President Emmanuel Macron said Monday that the Islamic State entity believed to be behind the Moscow attack – known as Khorasan, which is a branch in Afghanistan and Pakistan – had also sought to attack France.

At least 137 people were killed when gunmen stormed Moscow's Crocus City Hall on Friday evening before setting the building on fire.

The assault echoed an attack on the Bataclan music venue in Paris in November 2015 which left 90 people dead and was also claimed by the Islamic State group.

"This particular group made several attempts (at attacks) on our own soil," Macron told reporters during his trip to French Guiana.

French Prime Minister Gabriel Attal echoed this sentiment by saying that "the Islamist terrorist threat is real, it is strong" and "it has never weakened". 

He said that 4,000 extra soldiers would be deployed nationwide in the days to come.

"Our fight against terrorism is not just about words. It is very concrete and our hand will never tremble in the face of terrorism, never in the face of Islamism," Attal insisted.

Olympics a future target

Interior Minister Gérald Darmanin said that the Paris Olympics, which begin on 26 July, were an obvious future target.

"France, because we defend universal values, and are for secularism... is particularly threatened, notably during extraordinary events such as the Olympics," he told reporters.

"The French police, gendarmes, prefects, intelligence services, will be ready," he added, saying that "we have a very effective intelligence system. We stop plots developing almost every month."

The heads of intelligence services would hold a meeting on Thursday "to discuss all the conclusions of the attack on Moscow," he added.

French security forces are screening up to a million people before the Games, including athletes and people living close to key infrastructure, according to the interior ministry.

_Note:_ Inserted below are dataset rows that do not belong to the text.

lemma inner_plus_coercive_bounds:
  fixes A c K x p q u v :: real
  assumes A: "0 \<le> A" and c: "0 < c" and nonneg: "0 \<le> x" "0 \<le> p" "0 \<le> q"
    and u: "\<bar>u\<bar> \<le> A * (1 + x + q) * p"
    and v: "\<bar>v\<bar> \<le> A * (1 + x) + K * q\<^sup>2" and v_coercive: "c * q\<^sup>2 - A * (1 + x) \<le> v"
  defines "W \<equiv> (3 * A + A\<^sup>2 / (2 * c)) * (1 + x\<^sup>2 + p\<^sup>2)"
  shows "\<bar>u\<bar> \<le> W + A * q\<^sup>2" and "\<bar>v\<bar> \<le> W + K * q\<^sup>2" and "c / 2 * q\<^sup>2 - W \<le> u + v"
proof -
  define D where "D = A\<^sup>2 / (2 * c)"
  have prod_le: "a * b \<le> a\<^sup>2 + b\<^sup>2" if "0 \<le> a" "0 \<le> b" for a b :: real
    using sum_squares_bound[of a b] mult_nonneg_nonneg[OF that] by linarith
  have "A * p \<le> A * (1 + p\<^sup>2)"
    using prod_le[of 1 p] nonneg A by (intro mult_left_mono) auto
  then have b1: "A * p \<le> A + A * p\<^sup>2" by (simp add: algebra_simps)
  have "A * (x * p) \<le> A * (x\<^sup>2 + p\<^sup>2)"
    using prod_le[of x p] nonneg A by (intro mult_left_mono) auto
  then have b2: "A * (x * p) \<le> A * x\<^sup>2 + A * p\<^sup>2" by (simp add: algebra_simps)
  have "A * x \<le> A * (1 + x\<^sup>2)"
    using prod_le[of 1 x] nonneg A by (intro mult_left_mono) auto
  then have b3: "A * x \<le> A + A * x\<^sup>2" by (simp add: algebra_simps)
  have young: "A * (q * p) \<le> c / 2 * q\<^sup>2 + D * p\<^sup>2"
  proof -
    have "2 * (c * q) * (A * p) \<le> (c * q)\<^sup>2 + (A * p)\<^sup>2" by (rule sum_squares_bound)
    then show ?thesis using c unfolding D_def by (simp add: field_simps power2_eq_square)
  qed
  have "A * (q * p) \<le> A * (q\<^sup>2 + p\<^sup>2)"
    using prod_le[of q p] nonneg A by (intro mult_left_mono) auto
  then have b4: "A * (q * p) \<le> A * q\<^sup>2 + A * p\<^sup>2" by (simp add: algebra_simps)
  have nonneg_terms: "0 \<le> A * x\<^sup>2" "0 \<le> A * p\<^sup>2" "0 \<le> D" "0 \<le> D * x\<^sup>2" "0 \<le> D * p\<^sup>2"
    using A c unfolding D_def by simp_all
  have W_eq: "W = 3 * A + 3 * (A * x\<^sup>2) + 3 * (A * p\<^sup>2) + D + D * x\<^sup>2 + D * p\<^sup>2"
    unfolding W_def D_def[symmetric] by (simp add: algebra_simps)
  have u_eq: "A * (1 + x + q) * p = A * p + A * (x * p) + A * (q * p)"
    by (simp add: algebra_simps)
  have v_eq: "A * (1 + x) = A + A * x"
    by (simp add: algebra_simps)
  show "\<bar>u\<bar> \<le> W + A * q\<^sup>2"
    using u u_eq b1 b2 b4 W_eq nonneg_terms A by linarith
  show "\<bar>v\<bar> \<le> W + K * q\<^sup>2"
    using v v_eq b3 W_eq nonneg_terms A by linarith
  show "c / 2 * q\<^sup>2 - W \<le> u + v"
    using u u_eq v_coercive v_eq b1 b2 b3 young W_eq nonneg_terms A abs_ge_minus_self[of u] by linarith
qed

locale control_integrand =
  fixes F :: "'h::{real_inner, second_countable_topology} \<Rightarrow> 'l::{real_normed_vector, second_countable_topology} \<Rightarrow> 'h"
    and L :: "'h \<Rightarrow> 'l \<Rightarrow> real" and Lam :: "'l set" and A c K :: real
  assumes A_nonneg: "0 \<le> A" and c_pos: "0 < c"
    and F_continuous: "\<And>q. q \<in> Lam \<Longrightarrow> continuous_on UNIV (\<lambda>x. F x q)"
    and L_continuous: "\<And>q. q \<in> Lam \<Longrightarrow> continuous_on UNIV (\<lambda>x. L x q)"
    and F_measurable: "\<And>x. F x \<in> borel_measurable (restrict_space borel Lam)"
    and L_continuous_on_Lam: "\<And>x. continuous_on Lam (L x)"
    and F_growth: "\<And>x q. q \<in> Lam \<Longrightarrow> norm (F x q) \<le> A * (1 + norm x + norm q)"
    and L_growth: "\<And>x q. q \<in> Lam \<Longrightarrow> \<bar>L x q\<bar> \<le> A * (1 + norm x) + K * (norm q)\<^sup>2"
    and L_coercive: "\<And>x q. q \<in> Lam \<Longrightarrow> c * (norm q)\<^sup>2 - A * (1 + norm x) \<le> L x q"
begin

definition weight :: "'h \<times> 'h \<Rightarrow> real" where
  "weight z = (3 * A + A\<^sup>2 / (2 * c)) * (1 + (norm (fst z))\<^sup>2 + (norm (snd z))\<^sup>2)"

lemma weight_nonneg: "0 \<le> weight z"
  unfolding weight_def using A_nonneg c_pos by simp

lemma weight_integrable:
  assumes "finite_measure M" "X \<in> L2_selections M UNIV" "P \<in> L2_selections M UNIV"
  shows "integrable M (\<lambda>\<omega>. weight (X \<omega>, P \<omega>))"
proof -
  interpret finite_measure M by fact
  show ?thesis
    using assms(2,3) unfolding weight_def L2_selections_def by simp
qed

France was last placed on its highest terror alert in October after a suspected Islamist burst into a school in the north of the country and stabbed a teacher to death. The alert was then downgraded in January.

Cyberattacks increasing

The highest alert of the so-called "Vigipirate" system means that security forces will maintain a more visible presence on French streets and be posted in front of possible targets such as a government buildings, transport infrastructure or schools.

Attal said that 45 terror plots had been thwarted in France since 2017, two of them already this year.

The two incidents this year involved a 22-year-old who was suspected of planning an attack on either a nightclub, or the LGBT or Jewish community, and a 62-year-old suspected jihadist with the intention of targeting the Catholic church, prosecutors said in a statement.

In a further development, Ministry of Education said on Monday that 130 high schools and colleges around the country have been targeted since last week by threats of attack and "malicious acts" via digital workspaces.

Students and staff had received messages threatening a bomb attack, accompanied by a video of beheadings.

The government counted 800 false bomb threats in mid-November during a previous series of alerts.